— About this task —
Each line in the records below, from the one that contains "fix \<omega> assume" to the one that contains "(f \<omega>)) \<le> norm (g", should be reproduced exactly, the first and last included.

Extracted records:
====

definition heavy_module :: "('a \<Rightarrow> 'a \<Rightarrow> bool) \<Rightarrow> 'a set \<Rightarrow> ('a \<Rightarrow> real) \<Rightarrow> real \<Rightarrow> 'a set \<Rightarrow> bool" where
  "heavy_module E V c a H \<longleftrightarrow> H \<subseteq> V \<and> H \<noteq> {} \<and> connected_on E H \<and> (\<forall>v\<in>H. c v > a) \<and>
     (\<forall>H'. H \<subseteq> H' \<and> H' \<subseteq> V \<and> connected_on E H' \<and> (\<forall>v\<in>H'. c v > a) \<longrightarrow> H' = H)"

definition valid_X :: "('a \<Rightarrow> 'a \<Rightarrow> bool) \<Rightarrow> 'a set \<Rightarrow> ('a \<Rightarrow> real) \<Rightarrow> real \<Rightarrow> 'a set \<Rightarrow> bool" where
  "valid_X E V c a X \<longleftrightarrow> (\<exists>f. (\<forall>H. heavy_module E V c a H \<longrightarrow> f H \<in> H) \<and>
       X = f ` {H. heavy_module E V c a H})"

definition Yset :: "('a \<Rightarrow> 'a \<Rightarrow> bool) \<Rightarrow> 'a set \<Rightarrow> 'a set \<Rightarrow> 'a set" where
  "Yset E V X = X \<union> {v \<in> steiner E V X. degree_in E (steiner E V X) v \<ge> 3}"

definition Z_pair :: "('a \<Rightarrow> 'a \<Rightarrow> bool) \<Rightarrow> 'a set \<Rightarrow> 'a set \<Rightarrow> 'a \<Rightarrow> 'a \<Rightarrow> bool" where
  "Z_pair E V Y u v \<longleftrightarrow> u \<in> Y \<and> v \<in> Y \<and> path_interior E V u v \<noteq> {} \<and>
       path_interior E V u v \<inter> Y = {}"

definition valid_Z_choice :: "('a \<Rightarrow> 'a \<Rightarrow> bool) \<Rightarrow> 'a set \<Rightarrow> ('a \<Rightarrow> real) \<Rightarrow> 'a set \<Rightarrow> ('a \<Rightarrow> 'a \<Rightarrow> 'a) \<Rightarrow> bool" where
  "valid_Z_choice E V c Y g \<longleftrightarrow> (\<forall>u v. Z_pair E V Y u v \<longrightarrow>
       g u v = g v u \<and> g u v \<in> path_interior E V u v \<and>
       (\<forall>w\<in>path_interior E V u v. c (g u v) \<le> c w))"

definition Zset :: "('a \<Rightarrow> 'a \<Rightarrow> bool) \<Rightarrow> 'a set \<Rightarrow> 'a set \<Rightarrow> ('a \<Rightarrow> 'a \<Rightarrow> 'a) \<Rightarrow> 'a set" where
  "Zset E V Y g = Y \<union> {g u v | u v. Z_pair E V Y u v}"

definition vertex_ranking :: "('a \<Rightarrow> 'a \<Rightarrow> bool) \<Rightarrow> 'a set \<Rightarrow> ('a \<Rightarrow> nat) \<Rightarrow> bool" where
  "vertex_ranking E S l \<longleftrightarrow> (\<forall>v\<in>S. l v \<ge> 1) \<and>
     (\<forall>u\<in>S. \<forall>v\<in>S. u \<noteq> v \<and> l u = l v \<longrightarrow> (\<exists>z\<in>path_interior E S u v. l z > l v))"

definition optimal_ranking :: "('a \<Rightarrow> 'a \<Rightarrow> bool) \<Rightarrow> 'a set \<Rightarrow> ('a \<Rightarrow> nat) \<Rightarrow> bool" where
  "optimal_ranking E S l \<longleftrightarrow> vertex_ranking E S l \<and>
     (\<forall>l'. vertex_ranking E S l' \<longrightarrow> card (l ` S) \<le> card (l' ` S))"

====

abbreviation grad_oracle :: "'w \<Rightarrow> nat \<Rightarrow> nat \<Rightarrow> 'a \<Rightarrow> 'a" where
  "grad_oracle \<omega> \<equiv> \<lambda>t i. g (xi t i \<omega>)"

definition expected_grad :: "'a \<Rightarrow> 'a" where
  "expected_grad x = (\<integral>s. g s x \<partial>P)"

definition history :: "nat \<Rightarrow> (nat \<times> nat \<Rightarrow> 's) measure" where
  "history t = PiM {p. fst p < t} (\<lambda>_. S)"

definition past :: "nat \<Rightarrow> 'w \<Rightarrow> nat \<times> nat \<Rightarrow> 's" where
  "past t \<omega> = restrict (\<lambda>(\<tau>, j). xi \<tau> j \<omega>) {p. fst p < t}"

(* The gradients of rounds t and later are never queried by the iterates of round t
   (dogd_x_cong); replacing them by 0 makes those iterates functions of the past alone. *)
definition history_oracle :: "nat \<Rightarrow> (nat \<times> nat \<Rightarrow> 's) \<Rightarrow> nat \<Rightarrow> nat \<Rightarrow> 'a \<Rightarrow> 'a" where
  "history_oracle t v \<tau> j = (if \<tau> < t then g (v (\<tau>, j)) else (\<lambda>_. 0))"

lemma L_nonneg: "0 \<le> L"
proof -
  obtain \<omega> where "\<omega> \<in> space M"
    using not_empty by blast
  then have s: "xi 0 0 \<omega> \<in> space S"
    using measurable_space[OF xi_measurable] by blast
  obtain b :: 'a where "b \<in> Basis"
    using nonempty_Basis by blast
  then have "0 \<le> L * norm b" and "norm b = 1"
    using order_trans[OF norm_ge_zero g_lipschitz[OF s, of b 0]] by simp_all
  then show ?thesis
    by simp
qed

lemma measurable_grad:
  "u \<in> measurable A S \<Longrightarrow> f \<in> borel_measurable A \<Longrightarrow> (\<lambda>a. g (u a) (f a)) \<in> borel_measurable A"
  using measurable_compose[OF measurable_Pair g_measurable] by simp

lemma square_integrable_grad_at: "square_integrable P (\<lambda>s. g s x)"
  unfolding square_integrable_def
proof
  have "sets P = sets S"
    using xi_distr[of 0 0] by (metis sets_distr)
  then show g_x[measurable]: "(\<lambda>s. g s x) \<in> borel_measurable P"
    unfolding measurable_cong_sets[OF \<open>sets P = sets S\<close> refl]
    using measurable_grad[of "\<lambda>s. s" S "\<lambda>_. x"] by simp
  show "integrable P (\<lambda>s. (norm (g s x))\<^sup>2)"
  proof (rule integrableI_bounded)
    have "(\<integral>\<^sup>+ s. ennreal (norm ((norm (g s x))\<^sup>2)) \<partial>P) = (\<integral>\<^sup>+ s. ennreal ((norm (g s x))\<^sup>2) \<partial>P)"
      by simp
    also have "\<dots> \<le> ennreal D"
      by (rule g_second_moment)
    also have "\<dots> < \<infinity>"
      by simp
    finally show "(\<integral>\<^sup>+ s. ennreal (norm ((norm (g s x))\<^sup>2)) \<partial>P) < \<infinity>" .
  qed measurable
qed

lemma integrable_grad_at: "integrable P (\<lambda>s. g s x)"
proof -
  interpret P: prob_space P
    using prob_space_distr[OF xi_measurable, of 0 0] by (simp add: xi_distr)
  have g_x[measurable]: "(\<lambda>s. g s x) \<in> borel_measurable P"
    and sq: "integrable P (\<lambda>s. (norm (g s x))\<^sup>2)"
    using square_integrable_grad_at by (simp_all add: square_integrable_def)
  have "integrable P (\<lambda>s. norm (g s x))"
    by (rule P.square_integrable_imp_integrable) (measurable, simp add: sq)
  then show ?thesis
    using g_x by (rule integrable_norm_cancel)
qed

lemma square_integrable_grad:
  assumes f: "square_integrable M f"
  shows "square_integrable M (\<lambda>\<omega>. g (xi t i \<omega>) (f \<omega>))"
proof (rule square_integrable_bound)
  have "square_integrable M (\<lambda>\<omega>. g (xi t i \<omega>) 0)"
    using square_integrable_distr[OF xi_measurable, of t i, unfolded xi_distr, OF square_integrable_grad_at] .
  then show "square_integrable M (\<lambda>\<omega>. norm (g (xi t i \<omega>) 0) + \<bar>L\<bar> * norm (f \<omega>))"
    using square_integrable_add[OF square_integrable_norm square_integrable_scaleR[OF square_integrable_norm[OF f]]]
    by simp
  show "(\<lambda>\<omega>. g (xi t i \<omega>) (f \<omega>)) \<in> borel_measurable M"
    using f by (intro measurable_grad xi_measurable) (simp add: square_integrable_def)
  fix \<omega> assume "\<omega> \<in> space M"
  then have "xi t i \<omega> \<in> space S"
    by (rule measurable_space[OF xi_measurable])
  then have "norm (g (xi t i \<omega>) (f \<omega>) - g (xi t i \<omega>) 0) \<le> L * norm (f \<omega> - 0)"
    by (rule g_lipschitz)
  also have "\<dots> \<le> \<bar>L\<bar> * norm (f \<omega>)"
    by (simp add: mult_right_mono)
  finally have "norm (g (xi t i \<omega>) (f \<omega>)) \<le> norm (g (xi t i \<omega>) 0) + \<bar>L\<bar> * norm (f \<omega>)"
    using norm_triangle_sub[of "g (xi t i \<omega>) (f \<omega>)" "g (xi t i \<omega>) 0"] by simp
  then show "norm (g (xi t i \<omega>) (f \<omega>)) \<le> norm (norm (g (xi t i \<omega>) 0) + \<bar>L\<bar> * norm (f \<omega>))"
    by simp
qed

====

— Answer section —
  fix \<omega> assume "\<omega> \<in> space M"
  then have "xi t i \<omega> \<in> space S"
    by (rule measurable_space[OF xi_measurable])
  then have "norm (g (xi t i \<omega>) (f \<omega>) - g (xi t i \<omega>) 0) \<le> L * norm (f \<omega> - 0)"
    by (rule g_lipschitz)
  also have "\<dots> \<le> \<bar>L\<bar> * norm (f \<omega>)"
    by (simp add: mult_right_mono)
  finally have "norm (g (xi t i \<omega>) (f \<omega>)) \<le> norm (g (xi t i \<omega>) 0) + \<bar>L\<bar> * norm (f \<omega>)"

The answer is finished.